The rare event approximation for event $A$ and $B$ means the upper-bound approximation $P(A\cup B)=P(A)+P(B)-P(A\cap B)\leq P(A)+P(B)$. Now by inclusion-exclusion-principle $$P(A\cup B\cup \neg C)= P(A)+P(B)+P(C)-P(A\cap B)-P(A\cap \neg C) -P(B\cap\neg C) +P(A\cap B\cap \neg C) \leq P(A)+P(B)+P(C)+P(A\cap B\cap \neg C)$$
and now by Wikipedia, this is the general form

so does the rare-event-approximation means removal of minus terms in the general form of inclusion-exclusion principle aka the below?
$$\mathbb P\left(\cup_{i=1}^{n}A_i\right)\leq \sum_{I\subset\{1,3,...,2h-1\}; |I|=k}\mathbb P(A_I)$$
where $2h-1$ is the last odd term in $\{1,2,3,...,n\}$.
Example
For example in the case of three events, is the below true rare-event approximation?
$$P(A\cup B\cup \neg C) \leq P(A)+P(B)+P(\neg C)+P(A\cap B\cap \neg C)$$
P.s.
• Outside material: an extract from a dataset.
(* In the setting described in the context, let $U_0,\dots,U_d$ be one of the six decompositions below, with $U_{-1}=U_{d+1}=0$ and empty sums equal to $0$. Then for $0\le i\le d$: $[0D]$: $(K-q^{2i-d}I)U_i\subseteq U_{i+1}+\cdots+U_d$ and $(K^{-1}-q^{d-2i}I)U_i\subseteq U_{i+1}$; $[0^*D^*]$: $(K-q^{2i-d}I)U_i\subseteq U_{i-1}$ and $(K^{-1}-q^{d-2i}I)U_i\subseteq U_0+\cdots+U_{i-1}$; $[0^*D]$: $(K-q^{2i-d}I)U_i=0$ and $(K^{-1}-q^{d-2i}I)U_i=0$; $[0^*0]$: $(K-q^{2i-d}I)U_i\subseteq U_0+\cdots+U_{i-1}$ and $(K^{-1}-q^{d-2i}I)U_i\subseteq U_{i-1}$; $[D^*0]$: $KU_i\subseteq U_0+\cdots+U_{i+1}$ and $K^{-1}U_i\subseteq U_{i-1}+\cdots+U_d$; $[D^*D]$: $(K-q^{2i-d}I)U_i\subseteq U_{i+1}$ and $(K^{-1}-q^{d-2i}I)U_i\subseteq U_{i+1}+\cdots+U_d$.
   Context: $\mathbb K$ is an algebraically closed field, $q\in\mathbb K$ nonzero and not a root of unity, $V$ a nonzero finite-dimensional $\mathbb K$-vector space. A tridiagonal pair on $V$ is an ordered pair $A,A^*$ of linear maps $V\to V$ such that: (i) each of $A,A^*$ is diagonalizable; (ii) there is an ordering $V_0,\dots,V_d$ of the eigenspaces of $A$ with $A^*V_i\subseteq V_{i-1}+V_i+V_{i+1}$ ($V_{-1}=V_{d+1}=0$); (iii) there is an ordering $V^*_0,\dots,V^*_\delta$ of the eigenspaces of $A^*$ with $AV^*_i\subseteq V^*_{i-1}+V^*_i+V^*_{i+1}$ ($V^*_{-1}=V^*_{\delta+1}=0$); (iv) no subspace $W\ne0,V$ satisfies $AW\subseteq W$, $A^*W\subseteq W$. It is known $d=\delta$; orderings as in (ii),(iii) are called standard. Setting: $A,A^*$ is a tridiagonal pair on $V$; $V_0,\dots,V_d$ (resp. $V^*_0,\dots,V^*_d$) is a standard ordering of the eigenspaces of $A$ (resp. $A^*$); the eigenvalue of $A$ on $V_i$ is $aq^{2i-d}$ and that of $A^*$ on $V^*_i$ is $a^*q^{d-2i}$ for some nonzero $a,a^*\in\mathbb K$. The six decompositions of $V$ (sequences of nonzero subspaces whose sum is direct and equals $V$) are, for $0\le i\le d$: $[0D]$: $U_i=V_i$; $[0^*D^*]$: $U_i=V^*_i$; $[0^*D]$: $U_i=(V^*_0+\cdots+V^*_i)\cap(V_i+\cdots+V_d)$; $[0^*0]$: $U_i=(V^*_0+\cdots+V^*_i)\cap(V_0+\cdots+V_{d-i})$; $[D^*0]$: $U_i=(V^*_{d-i}+\cdots+V^*_d)\cap(V_0+\cdots+V_{d-i})$; $[D^*D]$: $U_i=(V^*_{d-i}+\cdots+V^*_d)\cap(V_i+\cdots+V_d)$. $K:V\to V$ is the linear map acting as $q^{2i-d}I$ on the $i$th subspace of $[0^*D]$ for each $i$. *)

theory Defs
  imports "HOL-Analysis.Analysis" "HOL-Computational_Algebra.Polynomial"
begin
I am studying probability-risk-assessment course, Mat-2.3117.
Removing all the negatives certainly gives an upper bound. But if one looks at the logic of the inclusion-exclusion argument, whenever we have just added, we have added too much (except possibly, at the very end). So at any stage just before we start subtracting again, our truncated expression gives an upper bound.
Thus one obtains upper bounds by truncating after the first sum, or the third, or the fifth, and so on.